The Centers for Medicare and Medicaid Services has informed state Medicaid directors of new smoking cessation services and reminded them that Medicaid programs are now required to fully cover those services for pregnant women.
The Centers for Disease Control estimates that smoking results in more than $96 billion in healthcare services annually and costs another $97 billion in lost productivity. While 45 of 51 Medicaid programs already offer some form of smoking cessation services or coverage, most beneficiaries and doctors aren't aware of them. A 2004 study found that 36 percent of Medicaid-enrolled smokers and 60 percent of Medicaid physicians knew that their state Medicaid program offered any coverage for tobacco-dependence treatment.

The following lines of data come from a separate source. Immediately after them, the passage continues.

(* Let $r>0$ and $s$ be real numbers. Let $e_0,e_1,e_2,\dots$ be independent and identically distributed real random variables with cumulative distribution function $F$ having probability density function $f$ with respect to Lebesgue measure. Let $X_0$ be a real random variable such that $(X_0,e_0)$ is independent of $(e_1,e_2,\dots)$, and define the ARMA(1,1) process $X_i - rX_{i-1} = e_i + s e_{i-1}$ for $i\ge 1$. Fix $x\in\mathbb{R}$, put $M_0=-\infty$ and $M_n=\max_{1\le i\le n}X_i$ for $n\ge1$, and for $\mathbf{y}=(y_0,y_1)\in\mathbb{R}^2$ and $n\ge 0$ define $$G_n(\mathbf{y}) = P(M_n\le x,\ X_n\le y_0,\ e_n\le y_1),$$ so that $G_0(\mathbf{y})=P(X_0\le y_0,\ e_0\le y_1)$. Define the linear integral operator $\mathcal{K}$ (depending on $x$) acting on functions $h$ of $\mathbf{z}=(z_0,z_1)\in\mathbb{R}^2$ by $$\mathcal{K}h(\mathbf{y}) = r\int\int_{a_{\mathbf{y}\mathbf{z}}}^{\infty} dz_0\, f(y_{0x}-rz_0-sz_1)\, h(z_0,dz_1),$$ where $y_{0x}=\min(y_0,x)$, $a_{\mathbf{y}\mathbf{z}}=(y_{0x}-sz_1-y_1)/r$, and $h(z_0,dz_1)$ denotes Lebesgue--Stieltjes integration with respect to the second argument $z_1$ of $h$. Then for every $n\ge 1$ and every $\mathbf{y}\in\mathbb{R}^2$, $$G_n(\mathbf{y}) = \mathcal{K}G_{n-1}(\mathbf{y}).$$
   Context: All notation is introduced in the claim. The dependence of $G_n$ and $\mathcal{K}$ on the fixed level $x$ is suppressed. *)

theory Defs
  imports "HOL-Probability.Probability"
begin

definition run_max :: "(nat \<Rightarrow> 'a \<Rightarrow> real) \<Rightarrow> nat \<Rightarrow> 'a \<Rightarrow> ereal" where
  "run_max X n \<omega> = (if n = 0 then -\<infinity> else Max ((\<lambda>i. ereal (X i \<omega>)) ` {1..n}))"

definition Gfun :: "'a measure \<Rightarrow> (nat \<Rightarrow> 'a \<Rightarrow> real) \<Rightarrow> (nat \<Rightarrow> 'a \<Rightarrow> real) \<Rightarrow> real
    \<Rightarrow> nat \<Rightarrow> real \<Rightarrow> real \<Rightarrow> real" where
  "Gfun M X e x n y0 y1 =
     measure M {\<omega> \<in> space M. run_max X n \<omega> \<le> ereal x \<and> X n \<omega> \<le> y0 \<and> e n \<omega> \<le> y1}"

text \<open>The integral operator K: the inner integral is the Lebesgue--Stieltjes integral
  in z1 with respect to the function h(z0, .), the outer one is Lebesgue integration in z0
  over [a_{yz}, infinity).\<close>
definition Kop :: "real \<Rightarrow> real \<Rightarrow> (real \<Rightarrow> real) \<Rightarrow> real \<Rightarrow> (real \<Rightarrow> real \<Rightarrow> real)
    \<Rightarrow> real \<Rightarrow> real \<Rightarrow> real" where
  "Kop r s f x h y0 y1 =
     r * (LINT z0|lborel. LINT z1|interval_measure (\<lambda>t. h z0 t).
            (if (min y0 x - s * z1 - y1) / r \<le> z0 then f (min y0 x - r * z0 - s * z1) else 0))"

end
text \<open>Put \<open>\<gamma> = -log q_1 R_0\<close>, so that \<open>\<Sum>\<^sub>i q_i powr \<gamma> = 1\<close> and
  \<open>B powr log q_1 R_0 = B powr -\<gamma>\<close>. Splitting off the first letter of a word, the number
  \<open>N(x)\<close> of words with base value \<open>\<ge> x\<close> satisfies \<open>N(x) = [x \<le> 1] + \<Sum>\<^sub>i N(x / q_i)\<close>, and
  the number \<open>N'(x)\<close> of words with base value \<open>> x\<close> satisfies the same recursion with \<open>[x < 1]\<close>.
  As \<open>\<Sum>\<^sub>i (x / q_i) powr -\<gamma> = x powr -\<gamma>\<close>, induction on the least \<open>n\<close> with \<open>q_1 ^ n < x\<close> gives
  \<open>N(x) \<le> max 0 (x powr -\<gamma> - q_1 powr \<gamma>) / (1 - q_1 powr \<gamma>)\<close> and
  \<open>x powr -\<gamma> \<le> (K - 1) N'(x) + 1\<close>. The word of rank \<open>r\<close> and base value \<open>B\<close> has its \<open>r - 1\<close>
  predecessors among the words of base value \<open>\<ge> B\<close>, and every word of base value \<open>> B\<close> among
  its predecessors; this sandwiches \<open>r\<close> between multiples of \<open>B powr -\<gamma>\<close>, where
  \<open>1 / (1 - q_1 powr \<gamma>) = R_0 / (R_0 - 1)\<close>.\<close>

lemma alpha_less_irrefl: "\<not> alpha_less v v"
  unfolding alpha_less_def by (rule lexord_irreflexive) auto

lemma alpha_less_trans: "alpha_less u v \<Longrightarrow> alpha_less v w \<Longrightarrow> alpha_less u w"
  unfolding alpha_less_def by (erule lexord_trans) (auto simp: trans_def)

lemma alpha_less_linear: "alpha_less u v \<or> u = v \<or> alpha_less v u"
  unfolding alpha_less_def by (rule lexord_linear) auto

definition precedes :: "(nat \<Rightarrow> real) \<Rightarrow> nat list \<Rightarrow> nat list \<Rightarrow> bool" where
  "precedes q v w \<longleftrightarrow> base q w < base q v \<or> (base q v = base q w \<and> alpha_less v w)"

lemma precedes_irrefl: "\<not> precedes q v v"
  by (simp add: precedes_def alpha_less_irrefl)

lemma precedes_trans: "precedes q u v \<Longrightarrow> precedes q v w \<Longrightarrow> precedes q u w"
  unfolding precedes_def using alpha_less_trans by force

lemma precedes_linear: "precedes q u v \<or> u = v \<or> precedes q v u"
  unfolding precedes_def using alpha_less_linear by force

lemma word_rank_eq_card_predecessors:
  "word_rank q K w = card {v \<in> words K. precedes q v w} + 1"
  by (simp add: word_rank_def precedes_def)

lemma base_Nil [simp]: "base q [] = 1"
  by (simp add: base_def)

lemma base_Cons [simp]: "base q (i # w) = q i * base q w"
  by (simp add: base_def)

lemma base_replicate [simp]: "base q (replicate n i) = q i ^ n"
  by (simp add: base_def)

lemma Cons_in_words_iff [simp]: "i # w \<in> words K \<longleftrightarrow> i \<in> {1..K} \<and> w \<in> words K"
  by (auto simp: words_def)

lemma words_base_split:
  "{w \<in> words K. P (base q w)} =
     (if P 1 then {[]} else {}) \<union> (\<Union>i\<in>{1..K}. Cons i ` {w \<in> words K. P (q i * base q w)})"
proof (intro equalityI subsetI)
  fix w assume "w \<in> {w \<in> words K. P (base q w)}"
  then show "w \<in> (if P 1 then {[]} else {}) \<union> (\<Union>i\<in>{1..K}. Cons i ` {w \<in> words K. P (q i * base q w)})"
    by (cases w) auto
qed (auto simp: words_def split: if_splits)

lemma card_words_base_split:
  assumes "\<And>i. i \<in> {1..K} \<Longrightarrow> finite {w \<in> words K. P (q i * base q w)}"
  shows "card {w \<in> words K. P (base q w)} =
           (if P 1 then 1 else 0) + (\<Sum>i=1..K. card {w \<in> words K. P (q i * base q w)})"
proof -
  have "card (\<Union>i\<in>{1..K}. Cons i ` {w \<in> words K. P (q i * base q w)}) =
          (\<Sum>i=1..K. card (Cons i ` {w \<in> words K. P (q i * base q w)}))"
    using assms by (intro card_UN_disjoint) auto
  also have "\<dots> = (\<Sum>i=1..K. card {w \<in> words K. P (q i * base q w)})"
    by (intro sum.cong refl card_image) auto
  moreover have "finite (\<Union>i\<in>{1..K}. Cons i ` {w \<in> words K. P (q i * base q w)})"
    using assms by blast
  ultimately show ?thesis
    by (subst words_base_split, subst card_Un_disjoint) auto
qed

locale monkey_keyboard =
  fixes K :: nat and q :: "nat \<Rightarrow> real"
  assumes one_le_K: "1 \<le> K"
    and letter_prob_pos: "i \<in> {1..K} \<Longrightarrow> 0 < q i"
    and letter_prob_le_first: "i \<in> {1..K} \<Longrightarrow> q i \<le> q 1"
    and first_letter_prob_less_1: "q 1 < 1"
begin

lemma first_letter_prob_pos: "0 < q 1"
  using letter_prob_pos one_le_K by simp

lemma base_pos: "w \<in> words K \<Longrightarrow> 0 < base q w"
  by (induction w) (auto intro!: mult_pos_pos letter_prob_pos)

lemma base_le_power_length: "w \<in> words K \<Longrightarrow> base q w \<le> q 1 ^ length w"
proof (induction w)
  case (Cons i w)
  then have "q i \<le> q 1" "0 \<le> base q w" "base q w \<le> q 1 ^ length w"
    using letter_prob_le_first base_pos less_imp_le by auto
  then show ?case using first_letter_prob_pos by (simp add: mult_mono)
qed simp

lemma base_le_1: "w \<in> words K \<Longrightarrow> base q w \<le> 1"
  using base_le_power_length first_letter_prob_pos first_letter_prob_less_1
  by (meson order_trans less_imp_le power_le_one)

lemma length_le_if_power_less_base:
  assumes "w \<in> words K" "q 1 ^ n < base q w"
  shows "length w \<le> n"
proof (rule ccontr)
  assume "\<not> length w \<le> n"
  then have "q 1 ^ length w \<le> q 1 ^ n"
    using first_letter_prob_pos first_letter_prob_less_1 by (intro power_decreasing) auto
  then show False using base_le_power_length[OF assms(1)] assms(2) by linarith
qed

lemma finite_words_base_ge:
  assumes "0 < x"
  shows "finite {w \<in> words K. x \<le> base q w}"
proof -
  obtain n where n: "q 1 ^ n < x"
    using real_arch_pow_inv assms first_letter_prob_less_1 by blast
  have "{w \<in> words K. x \<le> base q w} \<subseteq> {w. set w \<subseteq> {1..K} \<and> length w \<le> n}"
    using length_le_if_power_less_base n by (force simp: words_def)
  then show ?thesis using finite_lists_length_le finite_subset by blast
qed

lemma finite_words_base_gt: "0 < x \<Longrightarrow> finite {w \<in> words K. x < base q w}"
  by (rule finite_subset[OF _ finite_words_base_ge]) auto

lemma finite_predecessors:
  assumes "w \<in> words K"
  shows "finite {v \<in> words K. precedes q v w}"
  by (rule finite_subset[OF _ finite_words_base_ge[OF base_pos[OF assms]]])
    (auto simp: precedes_def)
(* Let $N\ge2$ and $\sigma_1,\dots,\sigma_N>0$. Let $R$ be the $(N-1)\times(N-1)$ tridiagonal matrix with $R_{ii}=1$, $R_{i,i+1}=R_{i+1,i}=-1/2$ (other entries $0$), and $A$ the $(N-1)\times(N-1)$ tridiagonal matrix with $A_{ii}=\sigma_i^2+\sigma_{i+1}^2$, $A_{i,i+1}=A_{i+1,i}=-\sigma_{i+1}^2$ (other entries $0$). Then for $1\le k\le l\le N-1$, $$(R^{-1}AR^{-1})_{kl}=\frac{4(N-k)(N-l)}{N^2}\sum_{p=1}^k\sigma_p^2-\frac{4k(N-l)}{N^2}\sum_{p=k+1}^l\sigma_p^2+\frac{4kl}{N^2}\sum_{p=l+1}^N\sigma_p^2.$$ *)

theory Defs
  imports "Jordan_Normal_Form.Matrix"
begin

definition mat_inv :: "real mat \<Rightarrow> real mat" where
  "mat_inv A = (THE B. B \<in> carrier_mat (dim_row A) (dim_row A) \<and> inverts_mat A B \<and> inverts_mat B A)"

(* R: (N-1)x(N-1) tridiagonal, R_ii = 1, R_{i,i+1} = R_{i+1,i} = -1/2.
   JNF indices are 0-based: 0-based (i,j) is the paper's (i+1,j+1). *)
definition Rmat :: "nat \<Rightarrow> real mat" where
  "Rmat N = mat (N - 1) (N - 1) (\<lambda>(i, j).
     if i = j then 1 else if i + 1 = j \<or> j + 1 = i then - 1 / 2 else 0)"

(* A: (N-1)x(N-1) tridiagonal with paper entries A_ii = s_i^2 + s_{i+1}^2,
   A_{i,i+1} = A_{i+1,i} = - s_{i+1}^2; sigma is indexed 1..N as in the paper. *)
definition Amat :: "nat \<Rightarrow> (nat \<Rightarrow> real) \<Rightarrow> real mat" where
  "Amat N \<sigma> = mat (N - 1) (N - 1) (\<lambda>(i, j).
     if i = j then (\<sigma> (i + 1))\<^sup>2 + (\<sigma> (i + 2))\<^sup>2
     else if i + 1 = j \<or> j + 1 = i then - (\<sigma> (max i j + 1))\<^sup>2 else 0)"

end

theory Submission
  imports Defs
begin

(*
  With the N x (N-1) forward difference matrix B and D = diag(sigma_1^2, ..., sigma_N^2) one has
  R = B^T B / 2 and A = B^T D B, so R^-1 A R^-1 = C^T D C with C = B R^-1.  The inverse of R is
  twice the Green's function of the discrete Dirichlet Laplacian, in 1-based indices
  G(i, j) = 2 min(i, j) (N - max(i, j)) / N, and its difference C is piecewise constant in the
  row index: 2 (N - k) / N up to the diagonal and -2 k / N below it.  The entry (k, l) of C^T D C
  is therefore a sum of sigma_p^2 over three blocks of p with constant weights.
*)

lemma mat_inv_eqI:
  assumes "A * B = 1\<^sub>m n" "B * A = 1\<^sub>m n" "A \<in> carrier_mat n n"
  shows "mat_inv A = B"
  unfolding mat_inv_def
proof (rule the_equality)
  have "B \<in> carrier_mat n n"
    using assms by (metis carrier_matI index_mult_mat(2,3) index_one_mat(2,3))
  with assms show "B \<in> carrier_mat (dim_row A) (dim_row A) \<and> inverts_mat A B \<and> inverts_mat B A"
    by (auto simp: inverts_mat_def)
  fix B' assume "B' \<in> carrier_mat (dim_row A) (dim_row A) \<and> inverts_mat A B' \<and> inverts_mat B' A"
  then have B': "B' \<in> carrier_mat n n" "B' * A = 1\<^sub>m n"
    using assms(3) by (auto simp: inverts_mat_def)
  have "B' = B' * (A * B)" using assms(1) B'(1) by simp
  also have "\<dots> = (B' * A) * B"
    by (simp only: assoc_mult_mat[OF B'(1) assms(3) \<open>B \<in> carrier_mat n n\<close>])
  also have "\<dots> = B" using B'(2) \<open>B \<in> carrier_mat n n\<close> by simp
  finally show "B' = B" .
qed

lemma symmetric_conj_weighted_gram:
  fixes G B D :: "'a :: comm_semiring_0 mat"
  assumes "G \<in> carrier_mat n n" "B \<in> carrier_mat m n" "D \<in> carrier_mat m m"
    and "transpose_mat G = G"
  shows "G * (transpose_mat B * (D * B)) * G = transpose_mat (B * G) * (D * (B * G))"
proof -
  have "transpose_mat (B * G) = G * transpose_mat B"
    using assms by (simp add: transpose_mult[OF assms(2,1)])
  moreover have "G * (transpose_mat B * (D * B)) * G = G * transpose_mat B * (D * (B * G))"
  proof -
    have Bt: "transpose_mat B \<in> carrier_mat n m" and DB: "D * B \<in> carrier_mat m n"
      using assms by auto
    have "G * (transpose_mat B * (D * B)) * G = G * (transpose_mat B * (D * B * G))"
      using assoc_mult_mat[OF assms(1) mult_carrier_mat[OF Bt DB] assms(1)]
        assoc_mult_mat[OF Bt DB assms(1)] by simp
    also have "\<dots> = G * transpose_mat B * (D * (B * G))"
      using assoc_mult_mat[OF assms(3,2,1)] assoc_mult_mat[OF assms(1) Bt, of "D * (B * G)" n]
        assms by simp
    finally show ?thesis .
  qed
  ultimately show ?thesis by simp
qed

lemma index_weighted_gram:
  assumes "M \<in> carrier_mat m n" "k < n" "l < n"
  shows "(transpose_mat M * (mat_diag m d * M)) $$ (k, l) = (\<Sum>p<m. M $$ (p, k) * d p * M $$ (p, l))"
  using assms by (auto simp: mat_diag_mult_left scalar_prod_def lessThan_atLeast0 ac_simps intro!: sum.cong)

definition diff_mat :: "nat \<Rightarrow> real mat" where
  "diff_mat N = mat N (N - 1) (\<lambda>(p, i). if p = i then 1 else if p = i + 1 then - 1 else 0)"

definition green_mat :: "nat \<Rightarrow> real mat" where
  "green_mat N = mat (N - 1) (N - 1) (\<lambda>(i, j).
     2 * (real (min i j) + 1) * (real N - real (max i j) - 1) / real N)"

definition green_diff_mat :: "nat \<Rightarrow> real mat" where
  "green_diff_mat N = mat N (N - 1) (\<lambda>(p, k).
     if p \<le> k then 2 * (real N - real k - 1) / real N else - 2 * (real k + 1) / real N)"

lemma diff_mat_carrier: "diff_mat N \<in> carrier_mat N (N - 1)"
  and green_mat_carrier: "green_mat N \<in> carrier_mat (N - 1) (N - 1)"
  and green_diff_mat_carrier: "green_diff_mat N \<in> carrier_mat N (N - 1)"
  and Rmat_carrier: "Rmat N \<in> carrier_mat (N - 1) (N - 1)"
  by (simp_all add: diff_mat_def green_mat_def green_diff_mat_def Rmat_def)

lemma dim_diff_mat [simp]: "dim_row (diff_mat N) = N" "dim_col (diff_mat N) = N - 1"
  and dim_green_mat [simp]: "dim_row (green_mat N) = N - 1" "dim_col (green_mat N) = N - 1"
  and dim_green_diff_mat [simp]: "dim_row (green_diff_mat N) = N" "dim_col (green_diff_mat N) = N - 1"
  by (simp_all add: diff_mat_def green_mat_def green_diff_mat_def)

lemma index_diff_mat_mult:
  assumes "M \<in> carrier_mat (N - 1) n" "p < N" "j < n"
  shows "(diff_mat N * M) $$ (p, j) =
    (if p < N - 1 then M $$ (p, j) else 0) - (if 0 < p then M $$ (p - 1, j) else 0)"
proof -
  have "(diff_mat N * M) $$ (p, j) = (\<Sum>i<N - 1.
      (if i = p then M $$ (i, j) else 0) + (if i = p - 1 then (if 0 < p then - M $$ (i, j) else 0) else 0))"
    using assms by (auto simp: diff_mat_def scalar_prod_def lessThan_atLeast0 intro!: sum.cong)
  also have "\<dots> = (if p < N - 1 then M $$ (p, j) else 0) - (if 0 < p then M $$ (p - 1, j) else 0)"
    using assms by (simp only: sum.distrib sum.delta') auto
  finally show ?thesis .
qed

lemma index_transpose_diff_mat_mult:
  assumes "M \<in> carrier_mat N n" "i < N - 1" "j < n"
  shows "(transpose_mat (diff_mat N) * M) $$ (i, j) = M $$ (i, j) - M $$ (i + 1, j)"
proof -
  have "(transpose_mat (diff_mat N) * M) $$ (i, j) = (\<Sum>p<N.
      (if p = i then M $$ (p, j) else 0) - (if p = i + 1 then M $$ (p, j) else 0))"
    using assms by (auto simp: diff_mat_def scalar_prod_def lessThan_atLeast0 intro!: sum.cong)
  also have "\<dots> = M $$ (i, j) - M $$ (i + 1, j)"
    using assms by (simp only: sum_subtractf sum.delta') auto
  finally show ?thesis .
qed

lemma Rmat_eq_half_gram: "Rmat N = (1 / 2) \<cdot>\<^sub>m (transpose_mat (diff_mat N) * diff_mat N)"
proof (rule eq_matI)
  fix i j assume "i < dim_row ((1 / 2) \<cdot>\<^sub>m (transpose_mat (diff_mat N) * diff_mat N))"
    "j < dim_col ((1 / 2) \<cdot>\<^sub>m (transpose_mat (diff_mat N) * diff_mat N))"
  then have ij: "i < N - 1" "j < N - 1" by simp_all
  have "((1 / 2) \<cdot>\<^sub>m (transpose_mat (diff_mat N) * diff_mat N)) $$ (i, j)
      = (diff_mat N $$ (i, j) - diff_mat N $$ (i + 1, j)) / 2"
    using ij by (simp add: index_transpose_diff_mat_mult[OF diff_mat_carrier ij])
  also have "\<dots> = Rmat N $$ (i, j)"
    using ij by (auto simp: diff_mat_def Rmat_def)
  finally show "Rmat N $$ (i, j) = ((1 / 2) \<cdot>\<^sub>m (transpose_mat (diff_mat N) * diff_mat N)) $$ (i, j)" ..
qed (simp_all add: Rmat_def)

lemma Amat_eq_weighted_gram:
  "Amat N \<sigma> = transpose_mat (diff_mat N) * (mat_diag N (\<lambda>p. (\<sigma> (p + 1))\<^sup>2) * diff_mat N)"
  (is "_ = transpose_mat (diff_mat N) * ?DB")
proof (rule eq_matI)
  fix i j assume "i < dim_row (transpose_mat (diff_mat N) * ?DB)" "j < dim_col (transpose_mat (diff_mat N) * ?DB)"
  then have ij: "i < N - 1" "j < N - 1" by simp_all
  have DB: "?DB = mat N (N - 1) (\<lambda>(p, j). (\<sigma> (p + 1))\<^sup>2 * diff_mat N $$ (p, j))"
    by (rule mat_diag_mult_left[OF diff_mat_carrier])
  have "(transpose_mat (diff_mat N) * ?DB) $$ (i, j) = ?DB $$ (i, j) - ?DB $$ (i + 1, j)"
    by (rule index_transpose_diff_mat_mult[OF mult_carrier_mat[OF mat_diag_dim diff_mat_carrier] ij])
  also have "\<dots> = Amat N \<sigma> $$ (i, j)"
    using ij unfolding DB by (auto simp: Amat_def diff_mat_def max_def)
  finally show "Amat N \<sigma> $$ (i, j) = (transpose_mat (diff_mat N) * ?DB) $$ (i, j)" ..
qed (simp_all add: Amat_def)

lemma diff_green_mat:
  assumes "N \<ge> 2"
  shows "diff_mat N * green_mat N = green_diff_mat N"
proof (rule eq_matI)
  fix p k assume "p < dim_row (green_diff_mat N)" "k < dim_col (green_diff_mat N)"
  then have pk: "p < N" "k < N - 1" by simp_all
  define g where "g i = 2 * (real (min i k) + 1) * (real N - real (max i k) - 1) / real N" for i
  have green: "i < N - 1 \<Longrightarrow> green_mat N $$ (i, k) = g i" for i
    using pk by (simp add: green_mat_def g_def)
  \<comment> \<open>the Dirichlet boundary value g (N - 1) = 0 accounts for the missing last term\<close>
  have "g p = 0" if "\<not> p < N - 1"
  proof -
    have "p = N - 1" using that pk by linarith
    with assms pk show ?thesis by (simp add: g_def max_def)
  qed
  then have "(diff_mat N * green_mat N) $$ (p, k) = g p - (if 0 < p then g (p - 1) else 0)"
    using pk by (auto simp: index_diff_mat_mult[OF green_mat_carrier pk] green)
  also have "\<dots> = green_diff_mat N $$ (p, k)"
  proof -
    have "real N > 0" using assms by simp
    moreover consider "p = 0" | q where "p = Suc q" "q < k" | q where "p = Suc q" "k \<le> q"
      by (metis not_less not0_implies_Suc)
    ultimately show ?thesis
      using pk by cases (auto simp: g_def green_diff_mat_def field_simps)
  qed
  finally show "(diff_mat N * green_mat N) $$ (p, k) = green_diff_mat N $$ (p, k)" .
qed simp_all

lemma transpose_diff_green_diff_mat:
  assumes "N \<ge> 2"
  shows "transpose_mat (diff_mat N) * green_diff_mat N = 2 \<cdot>\<^sub>m 1\<^sub>m (N - 1)"
proof (rule eq_matI)
  fix i k assume "i < dim_row (2 \<cdot>\<^sub>m 1\<^sub>m (N - 1) :: real mat)" "k < dim_col (2 \<cdot>\<^sub>m 1\<^sub>m (N - 1) :: real mat)"
  then have ik: "i < N - 1" "k < N - 1" by simp_all
  have "real N > 0" using assms by simp
  with ik show "(transpose_mat (diff_mat N) * green_diff_mat N) $$ (i, k) = (2 \<cdot>\<^sub>m 1\<^sub>m (N - 1)) $$ (i, k)"
    by (simp only: index_transpose_diff_mat_mult[OF green_diff_mat_carrier ik])
      (auto simp: green_diff_mat_def field_simps)
qed simp_all

lemma transpose_green_mat [simp]: "transpose_mat (green_mat N) = green_mat N"
  by (rule eq_matI) (auto simp: green_mat_def min.commute max.commute)

lemma transpose_Rmat [simp]: "transpose_mat (Rmat N) = Rmat N"
  by (rule eq_matI) (auto simp: Rmat_def)

lemma Rmat_green_mat:
  assumes "N \<ge> 2"
  shows "Rmat N * green_mat N = 1\<^sub>m (N - 1)"
proof -
  let ?B = "diff_mat N"
  have carriers: "?B \<in> carrier_mat N (N - 1)" "transpose_mat ?B \<in> carrier_mat (N - 1) N"
    "green_mat N \<in> carrier_mat (N - 1) (N - 1)"
    by (simp_all only: diff_mat_carrier green_mat_carrier transpose_carrier_mat)
  have "Rmat N * green_mat N = (1 / 2) \<cdot>\<^sub>m (transpose_mat ?B * ?B * green_mat N)"
    unfolding Rmat_eq_half_gram
    by (rule mult_smult_assoc_mat[OF mult_carrier_mat[OF carriers(2,1)] carriers(3)])
  also have "\<dots> = (1 / 2) \<cdot>\<^sub>m (transpose_mat ?B * (?B * green_mat N))"
    by (rule arg_cong[OF assoc_mult_mat[OF carriers(2,1,3)]])
  also have "\<dots> = (1 / 2) \<cdot>\<^sub>m (2 \<cdot>\<^sub>m 1\<^sub>m (N - 1))"
    using assms by (simp add: diff_green_mat transpose_diff_green_diff_mat)
  also have "\<dots> = 1\<^sub>m (N - 1)"
    by (rule eq_matI) auto
  finally show ?thesis .
qed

CMS also wants to increase awareness among doctors and pregnant women that these benefits are now required by law under health reform.
[See also: Medicare expands coverage for tobacco counseling]
"In pregnant women, smoking can cause serious complications," said CMS Administrator Donald M. Berwick, MD, in a blog post touting the new regulations. "Babies born to mothers who smoke are more likely to be lower birth weight, have lung problems and other health problems. They're more likely to die from sudden infant death syndrome."
To help get the word out to all Medicaid-covered smokers, CMS is making federal Medicaid matching funds available to states for the costs associated with telephone services.
"We urge all states to offer comprehensive cessation benefits, including telephone quitlines, to all Medicaid recipients and to aggressively promote the availability of the services in order to achieve the maximum public health benefit," said Matthew L. Myers, president of the Campaign for Tobacco-Free Kids, in a statement. "There is strong evidence that Medicaid coverage to help smokers quit is highly cost-effective and saves money."
Myers cited a Massachusetts program, which has provided Medicaid coverage of smoking cessation services since 2006, that saw a 26 percent decline in the smoking rate among beneficiaries in the first two-and-a-half years. Those who used the benefit also showed a 46 percent decrease in hospitalizations for heart attacks and a 49 percent decrease in hospitalizations for cardiovascular disease.
To help guide the states in covering smoking cessation programs and treatments, CMS is recommending guidelines proposed in a May 2008 Public Health Service report, "Treating Tobacco Use and Dependence: 2008 Update: A Clinical Practice Guideline."
According to that report:
- Tobacco dependence is a chronic disease that often requires repeated intervention, so there are often multiple attempts to quit.
- Counseling and medication as effective treatments, and while each is effective alone, they are more effective together.
- Individual, group, and telephone counseling are effective, and their effectiveness increases with treatment intensity.
For pregnant individuals, the report indicates:
- Because of the serious risk of smoking to the mother-to-be and the fetus, whenever possible, pregnant smokers should be offered person-to-person counseling that exceeds minimal advice to quit.
- Pharmacotherapy for pregnant women isn't recommended because there is insufficient evidence of its safety and effectiveness. However, it may be evaluated on a case-by-case basis as determined by the woman and her physician.
According to a report from the Congressional Budget Office, providing smoking cessation benefits, which don't include co-payments, can positively impact a state's Medicaid program. A 2007 study by the American Legacy Foundation estimated that if all smokers enrolled in Medicaid programs stopped smoking, the Medicaid program would save $9.7 billion after five years.